- _Directions_
Only one portion of the data is to be written out: from the line bearing "b \<longleftrightarrow> hasse_arrow" through the line bearing "(\<exists>m v. m". Write it exactly as it appears.

- _Data for review_
(* Suppose the undirected graph $\Gamma^u$ underlying the Hasse diagram $\Gamma$ of $\rho$ is a single cycle and $\Gamma$ has at least two vertices at which both adjacent arrows terminate. Then for every nontrivial group $G$ there exists a transitive function $u:\rho\to G$ that is not trivial. In particular, for the structural matrix algebra $$\begin{pmatrix}k&0&k&k\\0&k&k&k\\0&0&k&0\\0&0&0&k\end{pmatrix}$$ (i.e. $M(\rho,k)$ for $\rho$ on $\{1,2,3,4\}$ generated by $1\rho3,1\rho4,2\rho3,2\rho4$) and any nontrivial group $G$, there is a good $G$-grading that does not arise from a $G$-graded $\rho$-flag, i.e. for which there are no $g_1,\dots,g_4\in G$ with $\deg e_{ij}=g_ig_j^{-1}$ for all $i\rho j$.
   Context: $\rho$ is a preorder on a finite set $\{1,\dots,n\}$; $\mathcal C$ the poset of its equivalence classes ($i\sim j$ iff $i\rho j$ and $j\rho i$; $\hat i\le\hat j$ iff $i\rho j$). $\Gamma$ is the directed graph with vertex set $\mathcal C$ and an arrow from $\alpha$ to $\beta$ iff $\alpha<\beta$ with nothing strictly between; $\Gamma^u$ is $\Gamma$ with orientation forgotten. A transitive function on $\rho$ with values in $G$ is $u:\rho\to G$ with $u(i,j)u(j,r)=u(i,r)$ whenever $i\rho j$, $j\rho r$; it is trivial if there are $g_i\in G$ with $u(i,j)=g_ig_j^{-1}$ for all $i\rho j$. $M(\rho,k)$ ($k$ a field) is the algebra of $n\times n$ matrices with $(i,j)$-entry $0$ when $(i,j)\notin\rho$; a good $G$-grading on it is an algebra $G$-grading in which every matrix unit $e_{ij}$, $i\rho j$, is homogeneous (equivalently, given by a transitive function $u$ with $\deg e_{ij}=u(i,j)$). *)

theory Defs
  imports "HOL-Algebra.Group"
begin

definition is_preorder_on :: "nat \<Rightarrow> (nat \<times> nat) set \<Rightarrow> bool" where
  "is_preorder_on n rho \<longleftrightarrow>
     rho \<subseteq> {1..n} \<times> {1..n} \<and>
     (\<forall>i\<in>{1..n}. (i, i) \<in> rho) \<and>
     (\<forall>i j r. (i, j) \<in> rho \<longrightarrow> (j, r) \<in> rho \<longrightarrow> (i, r) \<in> rho)"

definition rho_class :: "nat \<Rightarrow> (nat \<times> nat) set \<Rightarrow> nat \<Rightarrow> nat set" where
  "rho_class n rho i = {j \<in> {1..n}. (i, j) \<in> rho \<and> (j, i) \<in> rho}"

definition rho_classes :: "nat \<Rightarrow> (nat \<times> nat) set \<Rightarrow> nat set set" where
  "rho_classes n rho = rho_class n rho ` {1..n}"

definition cls_le :: "(nat \<times> nat) set \<Rightarrow> nat set \<Rightarrow> nat set \<Rightarrow> bool" where
  "cls_le rho a b \<longleftrightarrow> (\<exists>i\<in>a. \<exists>j\<in>b. (i, j) \<in> rho)"

definition cls_less :: "(nat \<times> nat) set \<Rightarrow> nat set \<Rightarrow> nat set \<Rightarrow> bool" where
  "cls_less rho a b \<longleftrightarrow> cls_le rho a b \<and> a \<noteq> b"

definition hasse_arrow :: "nat \<Rightarrow> (nat \<times> nat) set \<Rightarrow> nat set \<Rightarrow> nat set \<Rightarrow> bool" where
  "hasse_arrow n rho a b \<longleftrightarrow>
     a \<in> rho_classes n rho \<and> b \<in> rho_classes n rho \<and> cls_less rho a b \<and>
     \<not> (\<exists>c\<in>rho_classes n rho. cls_less rho a c \<and> cls_less rho c b)"

definition hasse_adj :: "nat \<Rightarrow> (nat \<times> nat) set \<Rightarrow> nat set \<Rightarrow> nat set \<Rightarrow> bool" where
  "hasse_adj n rho a b \<longleftrightarrow> hasse_arrow n rho a b \<or> hasse_arrow n rho b a"

definition hasse_is_cycle :: "nat \<Rightarrow> (nat \<times> nat) set \<Rightarrow> bool" where
  "hasse_is_cycle n rho \<longleftrightarrow>
     (\<exists>m v. m \<ge> 3 \<and> bij_betw v {0..<m} (rho_classes n rho) \<and>
        (\<forall>a b. hasse_adj n rho a b \<longleftrightarrow>
                 (\<exists>k<m. {a, b} = {v k, v (Suc k mod m)})))"

definition sink_vertices :: "nat \<Rightarrow> (nat \<times> nat) set \<Rightarrow> nat set set" where
  "sink_vertices n rho =
     {a \<in> rho_classes n rho. \<forall>b. hasse_adj n rho a b \<longrightarrow> hasse_arrow n rho b a}"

- _The answer_
  "hasse_adj n rho a b \<longleftrightarrow> hasse_arrow n rho a b \<or> hasse_arrow n rho b a"

definition hasse_is_cycle :: "nat \<Rightarrow> (nat \<times> nat) set \<Rightarrow> bool" where
  "hasse_is_cycle n rho \<longleftrightarrow>
     (\<exists>m v. m \<ge> 3 \<and> bij_betw v {0..<m} (rho_classes n rho) \<and>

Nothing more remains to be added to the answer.